#### What to produce
Keep each line of the material that includes "letters", and leave out the rest.

-- Opening Marker --

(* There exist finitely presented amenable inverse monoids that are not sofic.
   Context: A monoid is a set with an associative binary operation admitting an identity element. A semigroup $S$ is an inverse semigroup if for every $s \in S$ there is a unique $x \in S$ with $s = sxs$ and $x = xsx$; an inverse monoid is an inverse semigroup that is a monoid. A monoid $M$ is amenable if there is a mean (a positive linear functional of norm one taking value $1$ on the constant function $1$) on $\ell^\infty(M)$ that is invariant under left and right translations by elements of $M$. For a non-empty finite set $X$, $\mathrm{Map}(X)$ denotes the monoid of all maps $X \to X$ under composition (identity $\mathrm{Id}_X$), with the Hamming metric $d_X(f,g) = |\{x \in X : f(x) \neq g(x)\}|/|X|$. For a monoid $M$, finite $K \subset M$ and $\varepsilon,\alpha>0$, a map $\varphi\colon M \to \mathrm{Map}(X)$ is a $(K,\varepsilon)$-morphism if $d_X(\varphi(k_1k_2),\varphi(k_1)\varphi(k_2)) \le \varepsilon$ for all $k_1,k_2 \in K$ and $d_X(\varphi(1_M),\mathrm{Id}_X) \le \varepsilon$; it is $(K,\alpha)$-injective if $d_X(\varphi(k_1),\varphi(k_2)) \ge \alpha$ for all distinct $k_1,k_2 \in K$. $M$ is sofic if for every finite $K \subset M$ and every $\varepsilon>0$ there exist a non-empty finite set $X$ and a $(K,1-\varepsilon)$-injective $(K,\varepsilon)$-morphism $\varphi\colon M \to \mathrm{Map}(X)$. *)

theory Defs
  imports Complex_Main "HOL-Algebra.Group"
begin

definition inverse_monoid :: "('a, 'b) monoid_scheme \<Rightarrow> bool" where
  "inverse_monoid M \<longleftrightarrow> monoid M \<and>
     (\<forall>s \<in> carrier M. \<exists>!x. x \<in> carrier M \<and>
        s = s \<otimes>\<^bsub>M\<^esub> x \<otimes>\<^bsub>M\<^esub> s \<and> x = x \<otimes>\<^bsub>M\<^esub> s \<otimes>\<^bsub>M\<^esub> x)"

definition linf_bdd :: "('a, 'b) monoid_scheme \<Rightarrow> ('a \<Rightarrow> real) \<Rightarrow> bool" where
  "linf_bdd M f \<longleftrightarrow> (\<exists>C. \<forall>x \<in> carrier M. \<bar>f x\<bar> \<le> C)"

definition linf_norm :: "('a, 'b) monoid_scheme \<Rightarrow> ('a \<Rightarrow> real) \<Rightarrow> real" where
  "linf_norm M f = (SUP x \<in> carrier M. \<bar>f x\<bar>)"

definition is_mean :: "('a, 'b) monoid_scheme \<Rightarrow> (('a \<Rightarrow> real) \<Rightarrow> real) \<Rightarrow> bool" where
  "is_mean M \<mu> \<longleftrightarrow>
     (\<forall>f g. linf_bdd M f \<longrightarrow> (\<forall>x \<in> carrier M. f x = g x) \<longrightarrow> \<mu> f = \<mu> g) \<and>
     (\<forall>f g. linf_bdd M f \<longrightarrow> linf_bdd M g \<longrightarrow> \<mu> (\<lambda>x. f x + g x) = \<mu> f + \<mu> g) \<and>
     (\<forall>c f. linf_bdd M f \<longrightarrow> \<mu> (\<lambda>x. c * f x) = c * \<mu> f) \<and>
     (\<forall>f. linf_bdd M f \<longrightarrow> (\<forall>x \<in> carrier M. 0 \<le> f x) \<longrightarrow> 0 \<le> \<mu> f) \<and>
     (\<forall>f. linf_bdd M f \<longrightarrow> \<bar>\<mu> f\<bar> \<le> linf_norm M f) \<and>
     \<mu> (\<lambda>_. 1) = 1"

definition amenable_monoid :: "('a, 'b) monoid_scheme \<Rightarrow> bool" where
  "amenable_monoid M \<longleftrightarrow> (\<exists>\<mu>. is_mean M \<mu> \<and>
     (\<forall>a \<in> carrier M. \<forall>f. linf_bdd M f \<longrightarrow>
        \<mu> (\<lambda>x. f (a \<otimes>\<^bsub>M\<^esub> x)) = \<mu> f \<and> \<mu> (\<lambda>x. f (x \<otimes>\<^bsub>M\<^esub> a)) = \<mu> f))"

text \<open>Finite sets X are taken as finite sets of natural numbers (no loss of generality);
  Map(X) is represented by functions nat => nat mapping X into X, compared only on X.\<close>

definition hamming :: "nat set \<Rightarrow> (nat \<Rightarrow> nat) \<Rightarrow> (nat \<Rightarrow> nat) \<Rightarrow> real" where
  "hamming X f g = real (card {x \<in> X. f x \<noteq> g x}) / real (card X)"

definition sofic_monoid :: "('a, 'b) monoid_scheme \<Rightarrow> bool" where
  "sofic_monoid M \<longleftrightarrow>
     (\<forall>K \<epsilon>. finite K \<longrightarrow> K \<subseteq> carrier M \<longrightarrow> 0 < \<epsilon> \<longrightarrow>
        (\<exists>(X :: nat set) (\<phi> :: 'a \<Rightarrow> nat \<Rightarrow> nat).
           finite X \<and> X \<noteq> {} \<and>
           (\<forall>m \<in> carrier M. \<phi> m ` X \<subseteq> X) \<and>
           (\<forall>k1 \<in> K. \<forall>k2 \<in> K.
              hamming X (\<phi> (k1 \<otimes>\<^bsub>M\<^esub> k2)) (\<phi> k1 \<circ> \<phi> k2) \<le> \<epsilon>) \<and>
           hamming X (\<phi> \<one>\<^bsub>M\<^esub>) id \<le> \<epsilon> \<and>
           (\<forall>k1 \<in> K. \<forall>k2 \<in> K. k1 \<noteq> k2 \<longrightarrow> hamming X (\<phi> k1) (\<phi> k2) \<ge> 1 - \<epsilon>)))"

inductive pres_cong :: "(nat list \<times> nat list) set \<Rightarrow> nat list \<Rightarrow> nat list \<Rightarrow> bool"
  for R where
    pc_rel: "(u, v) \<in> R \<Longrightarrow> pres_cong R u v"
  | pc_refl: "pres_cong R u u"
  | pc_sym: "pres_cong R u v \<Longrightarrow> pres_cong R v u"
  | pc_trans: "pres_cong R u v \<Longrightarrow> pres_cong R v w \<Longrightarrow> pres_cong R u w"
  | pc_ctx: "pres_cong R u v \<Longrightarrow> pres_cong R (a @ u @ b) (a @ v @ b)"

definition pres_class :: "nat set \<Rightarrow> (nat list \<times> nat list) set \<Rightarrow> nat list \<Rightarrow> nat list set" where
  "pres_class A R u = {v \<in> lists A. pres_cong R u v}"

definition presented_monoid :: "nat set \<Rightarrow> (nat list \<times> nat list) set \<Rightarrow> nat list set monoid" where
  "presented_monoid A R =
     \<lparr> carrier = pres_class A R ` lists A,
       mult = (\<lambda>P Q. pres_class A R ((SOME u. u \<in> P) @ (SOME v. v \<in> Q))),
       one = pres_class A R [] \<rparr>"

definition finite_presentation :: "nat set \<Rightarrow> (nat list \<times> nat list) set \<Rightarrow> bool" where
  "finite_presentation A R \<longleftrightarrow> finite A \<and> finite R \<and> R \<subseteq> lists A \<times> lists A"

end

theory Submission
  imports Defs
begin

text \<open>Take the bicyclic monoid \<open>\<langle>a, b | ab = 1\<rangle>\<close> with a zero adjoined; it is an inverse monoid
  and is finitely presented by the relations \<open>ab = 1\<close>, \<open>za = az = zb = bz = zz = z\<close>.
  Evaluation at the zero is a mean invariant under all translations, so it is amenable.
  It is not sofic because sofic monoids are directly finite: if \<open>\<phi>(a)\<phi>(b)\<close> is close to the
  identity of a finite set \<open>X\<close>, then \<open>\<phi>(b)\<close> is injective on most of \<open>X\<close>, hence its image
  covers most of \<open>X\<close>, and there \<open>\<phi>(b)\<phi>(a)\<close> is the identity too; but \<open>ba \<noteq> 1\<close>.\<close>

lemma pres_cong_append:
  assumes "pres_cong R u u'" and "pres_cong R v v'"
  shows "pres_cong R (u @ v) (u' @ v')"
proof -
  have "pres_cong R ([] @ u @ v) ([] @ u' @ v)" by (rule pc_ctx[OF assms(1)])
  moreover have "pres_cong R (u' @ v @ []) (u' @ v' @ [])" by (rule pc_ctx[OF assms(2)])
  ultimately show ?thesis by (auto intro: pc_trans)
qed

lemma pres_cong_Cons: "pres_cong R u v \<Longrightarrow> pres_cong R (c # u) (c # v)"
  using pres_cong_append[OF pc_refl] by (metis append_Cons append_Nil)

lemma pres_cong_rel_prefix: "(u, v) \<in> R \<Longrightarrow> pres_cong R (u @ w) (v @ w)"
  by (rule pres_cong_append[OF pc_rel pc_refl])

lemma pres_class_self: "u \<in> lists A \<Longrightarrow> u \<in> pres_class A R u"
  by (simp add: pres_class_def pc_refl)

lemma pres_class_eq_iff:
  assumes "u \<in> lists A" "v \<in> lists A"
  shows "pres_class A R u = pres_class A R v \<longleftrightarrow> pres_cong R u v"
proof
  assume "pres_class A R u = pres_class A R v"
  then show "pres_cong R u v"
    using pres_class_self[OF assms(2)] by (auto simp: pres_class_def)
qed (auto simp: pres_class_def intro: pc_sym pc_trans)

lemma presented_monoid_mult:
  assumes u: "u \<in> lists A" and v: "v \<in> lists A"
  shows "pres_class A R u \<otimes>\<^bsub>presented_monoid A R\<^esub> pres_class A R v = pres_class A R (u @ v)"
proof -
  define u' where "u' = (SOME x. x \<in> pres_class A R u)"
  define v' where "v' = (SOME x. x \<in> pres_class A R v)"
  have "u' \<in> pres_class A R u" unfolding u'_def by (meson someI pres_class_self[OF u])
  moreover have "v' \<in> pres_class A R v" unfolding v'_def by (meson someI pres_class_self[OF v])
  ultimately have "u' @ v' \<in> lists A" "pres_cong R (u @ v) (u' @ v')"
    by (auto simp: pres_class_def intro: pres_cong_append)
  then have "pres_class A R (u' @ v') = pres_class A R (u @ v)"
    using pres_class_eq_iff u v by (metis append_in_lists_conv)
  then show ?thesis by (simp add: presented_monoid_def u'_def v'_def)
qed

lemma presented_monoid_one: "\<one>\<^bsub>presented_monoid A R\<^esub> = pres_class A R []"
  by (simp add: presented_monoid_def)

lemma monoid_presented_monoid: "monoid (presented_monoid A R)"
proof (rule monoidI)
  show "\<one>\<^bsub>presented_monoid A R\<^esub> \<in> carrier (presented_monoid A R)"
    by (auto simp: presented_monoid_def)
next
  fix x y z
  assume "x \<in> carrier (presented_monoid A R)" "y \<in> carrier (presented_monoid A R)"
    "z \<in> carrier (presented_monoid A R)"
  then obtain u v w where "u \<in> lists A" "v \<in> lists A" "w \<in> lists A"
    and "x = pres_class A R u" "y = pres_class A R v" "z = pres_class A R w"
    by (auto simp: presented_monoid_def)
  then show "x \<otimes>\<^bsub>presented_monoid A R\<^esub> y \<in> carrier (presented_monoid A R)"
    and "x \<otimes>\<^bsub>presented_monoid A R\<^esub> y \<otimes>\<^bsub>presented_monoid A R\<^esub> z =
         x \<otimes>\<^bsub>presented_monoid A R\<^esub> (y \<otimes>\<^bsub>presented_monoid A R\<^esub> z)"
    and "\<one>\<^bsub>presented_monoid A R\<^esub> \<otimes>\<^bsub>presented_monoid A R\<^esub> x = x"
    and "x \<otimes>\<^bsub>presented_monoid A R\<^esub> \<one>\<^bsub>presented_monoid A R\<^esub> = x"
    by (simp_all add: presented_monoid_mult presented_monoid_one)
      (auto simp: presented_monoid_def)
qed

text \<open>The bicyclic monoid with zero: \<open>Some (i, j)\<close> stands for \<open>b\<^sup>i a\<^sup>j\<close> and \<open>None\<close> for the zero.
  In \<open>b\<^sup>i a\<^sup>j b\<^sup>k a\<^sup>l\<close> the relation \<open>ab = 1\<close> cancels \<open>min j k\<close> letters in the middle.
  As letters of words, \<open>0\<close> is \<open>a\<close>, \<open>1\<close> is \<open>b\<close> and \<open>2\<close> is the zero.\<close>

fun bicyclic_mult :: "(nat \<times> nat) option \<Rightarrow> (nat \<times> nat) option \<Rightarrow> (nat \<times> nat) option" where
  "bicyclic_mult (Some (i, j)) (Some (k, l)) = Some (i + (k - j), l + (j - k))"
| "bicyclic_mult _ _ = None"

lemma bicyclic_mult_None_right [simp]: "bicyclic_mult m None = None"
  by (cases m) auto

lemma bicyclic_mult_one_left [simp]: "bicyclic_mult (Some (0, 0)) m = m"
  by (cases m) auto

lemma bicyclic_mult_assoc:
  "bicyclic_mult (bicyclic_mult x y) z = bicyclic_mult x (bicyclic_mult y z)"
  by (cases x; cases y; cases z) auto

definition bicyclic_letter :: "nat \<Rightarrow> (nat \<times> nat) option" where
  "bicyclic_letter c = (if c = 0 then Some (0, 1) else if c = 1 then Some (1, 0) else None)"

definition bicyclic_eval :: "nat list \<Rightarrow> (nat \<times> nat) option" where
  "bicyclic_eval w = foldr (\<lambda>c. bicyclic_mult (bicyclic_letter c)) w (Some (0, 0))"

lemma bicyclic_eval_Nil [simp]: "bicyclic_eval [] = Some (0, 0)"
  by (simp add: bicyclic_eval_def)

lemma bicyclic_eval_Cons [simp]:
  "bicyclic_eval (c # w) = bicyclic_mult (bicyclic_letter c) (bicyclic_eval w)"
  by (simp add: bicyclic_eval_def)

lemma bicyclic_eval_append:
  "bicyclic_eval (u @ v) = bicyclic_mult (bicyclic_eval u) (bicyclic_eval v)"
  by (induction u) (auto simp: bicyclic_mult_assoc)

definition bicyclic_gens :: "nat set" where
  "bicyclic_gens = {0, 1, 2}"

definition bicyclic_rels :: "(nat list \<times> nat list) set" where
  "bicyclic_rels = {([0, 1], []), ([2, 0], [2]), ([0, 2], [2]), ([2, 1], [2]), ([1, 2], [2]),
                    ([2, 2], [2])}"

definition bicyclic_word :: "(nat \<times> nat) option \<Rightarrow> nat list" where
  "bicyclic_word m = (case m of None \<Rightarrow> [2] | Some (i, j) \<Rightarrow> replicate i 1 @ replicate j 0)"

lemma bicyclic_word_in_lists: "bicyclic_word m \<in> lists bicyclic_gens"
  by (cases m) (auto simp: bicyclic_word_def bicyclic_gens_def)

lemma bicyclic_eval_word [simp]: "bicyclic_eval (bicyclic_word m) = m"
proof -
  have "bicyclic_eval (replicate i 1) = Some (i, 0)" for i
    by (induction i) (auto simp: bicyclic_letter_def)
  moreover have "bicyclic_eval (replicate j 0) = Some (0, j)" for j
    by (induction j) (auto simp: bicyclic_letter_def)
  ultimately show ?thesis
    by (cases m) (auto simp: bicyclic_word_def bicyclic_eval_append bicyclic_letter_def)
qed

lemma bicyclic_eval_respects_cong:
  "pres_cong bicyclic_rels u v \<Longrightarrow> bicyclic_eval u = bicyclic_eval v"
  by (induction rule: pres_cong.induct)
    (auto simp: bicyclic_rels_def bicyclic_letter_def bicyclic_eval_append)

-- Closing Marker --

#### Response
  In \<open>b\<^sup>i a\<^sup>j b\<^sup>k a\<^sup>l\<close> the relation \<open>ab = 1\<close> cancels \<open>min j k\<close> letters in the middle.
  As letters of words, \<open>0\<close> is \<open>a\<close>, \<open>1\<close> is \<open>b\<close> and \<open>2\<close> is the zero.\<close>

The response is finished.